The Tesla CEO has agreed to bring in $21 billion in equity financing and will take a $12.5-billion loan, pledging his Tesla shares as collateral. This is in addition to the $13.5 billion debt financing commitments from banks led by Morgan Stanley.
Musk’s income, as defined by the tax code, does not make him rich enough to buy Twitter, Steve Wamhoff of the Institute on Taxation and Economic Policy reportedly said.
Only when the parts that are not included as taxable income under the U.S. tax rules are accounted for does it become clear as to how Musk can buy Twitter, he added.
If the need arises, Musk may not have to sell his stock but pledge it as a collateral to secure a loan, thereby evading taxes.
Why It’s Important
Musk and other billionaires have of late come under increasing scrutiny for not adequately paying taxes. The Tesla CEO doesn’t take a salary or a cash bonus but is paid in stock awards. Stock awards become taxable only when options are exercised.
Musk is expected to have footed a hefty tax bill of $11 billion for 2021. He sold about $14 billion worth of Tesla stock after his question on Twitter as to whether he should sell 10 percent of his Tesla stock elicited a strong positive response.

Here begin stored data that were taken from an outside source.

lemma v_bound_above_scale:
  obtains C where "\<And>n m \<xi>. \<xi> \<ge> \<xi>\<^sub>0 \<Longrightarrow> n \<ge> 1 \<Longrightarrow> real m \<le> c * ln n \<Longrightarrow>
    real n powr (1 / (2 * \<beta>)) \<le> \<xi> \<Longrightarrow> v n m \<xi> \<le> C * real n powr - p"
proof -
  define K where "K = c * \<bar>ln \<theta>\<bar>"
  have "1 / (2 * \<beta>) > 0"
    using \<beta>_pos by simp
  then obtain C where C: "\<And>\<xi> x. \<xi> \<in> {\<xi>\<^sub>0..} \<Longrightarrow> 1 \<le> x \<Longrightarrow> x powr (1 / (2 * \<beta>)) \<le> \<xi> \<Longrightarrow>
      \<bar>w \<xi>\<bar> \<le> C * x powr - (p + K)"
    by (rule decays_rapidly_on_powr_bound[OF w_decays, where p = "p + K"]) blast
  show thesis
  proof (rule that)
    fix n m :: nat and \<xi> :: real
    assume \<xi>: "\<xi> \<ge> \<xi>\<^sub>0" and "n \<ge> 1" "real m \<le> c * ln n" and large: "real n powr (1 / (2 * \<beta>)) \<le> \<xi>"
    have "v n m \<xi> \<le> v 0 m \<xi>"
      using v_decseq[OF \<xi>] by (rule decseqD) simp
    also have "\<dots> \<le> real n powr K * w \<xi>"
      unfolding K_def using \<xi> \<open>n \<ge> 1\<close> \<open>real m \<le> c * ln n\<close> by (intro v_0_le_powr) auto
    also have "\<dots> \<le> real n powr K * (C * real n powr - (p + K))"
      using C[of \<xi> "real n"] \<xi> large \<open>n \<ge> 1\<close> by (intro mult_left_mono) auto
    also have "\<dots> = C * (real n powr K * real n powr - (p + K))"
      by (simp add: algebra_simps)
    also have "\<dots> = C * real n powr - p"
      by (simp flip: powr_add)
    finally show "v n m \<xi> \<le> C * real n powr - p" .
  qed
qed
lemma quad_sum_add_delta:
  assumes "\<not> R w w"
  shows "quad_sum R (\<lambda>a. u a + (if a = w then c else 0)) =
    quad_sum R u + c * (\<Sum>a\<in>UNIV. if R a w then u a else 0) + c * (\<Sum>b\<in>UNIV. if R w b then u b else 0)"
proof -
  have expand: "(if R a b then (u a + (if a = w then c else 0)) * (u b + (if b = w then c else 0)) else 0) =
      (if R a b then u a * u b else 0) + (if b = w then if R a w then c * u a else 0 else 0)
      + (if a = w then if R w b then c * u b else 0 else 0)" for a b
    using assms by (auto simp: algebra_simps)
  have col: "(\<Sum>a\<in>UNIV. \<Sum>b\<in>UNIV. if b = w then if R a w then c * u a else 0 else 0)
      = c * (\<Sum>a\<in>UNIV. if R a w then u a else 0)"
    by (simp add: sum_distrib_left) (rule sum.cong; simp)
  have row: "(\<Sum>a\<in>UNIV. \<Sum>b\<in>UNIV. if a = w then if R w b then c * u b else 0 else 0)
      = c * (\<Sum>b\<in>UNIV. if R w b then u b else 0)"
    by (subst sum.swap) (simp add: sum_distrib_left, rule sum.cong; simp)
  show ?thesis
    unfolding quad_sum_def expand sum.distrib col row ..
qed

definition inversion :: "('a::finite) perm2 \<Rightarrow> 'a \<Rightarrow> 'a \<Rightarrow> bool" where
  "inversion p a b \<longleftrightarrow> fst p a < fst p b \<and> snd p b < snd p a"

lemma Qform_eq_quad_sum: "Qform p u = quad_sum (inversion p) u + (\<Sum>a\<in>UNIV. u a)"
  unfolding Qform_def quad_sum_def inversion_def Omega_def
  by (intro arg_cong2[where f="(+)"] refl sum.cong) auto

The sale may have been precipitated by his 2012 stock awards expiring by August 2022 and the need to pay taxes on the gains when the options are exercised.
Democrats are pushing for enacting a billionaire tax that envisages taxing appreciation of financial and business assets owned by people with a net worth of more than $100 million. The intention is to generate billions of dollars of new revenue from the rich, who use the loophole in the tax laws to lower their tax payments.
Democratic Sen. Elizabeth Warren used the Musk-Twitter development to renew calls for a wealth tax. Calling the Twitter deal dangerous, the senator said: “Billionaires like Elon Musk play by a different set of rules than everyone else, accumulating power for their own gain.”
She argued for a wealth tax and strong rules to hold big techs accountable.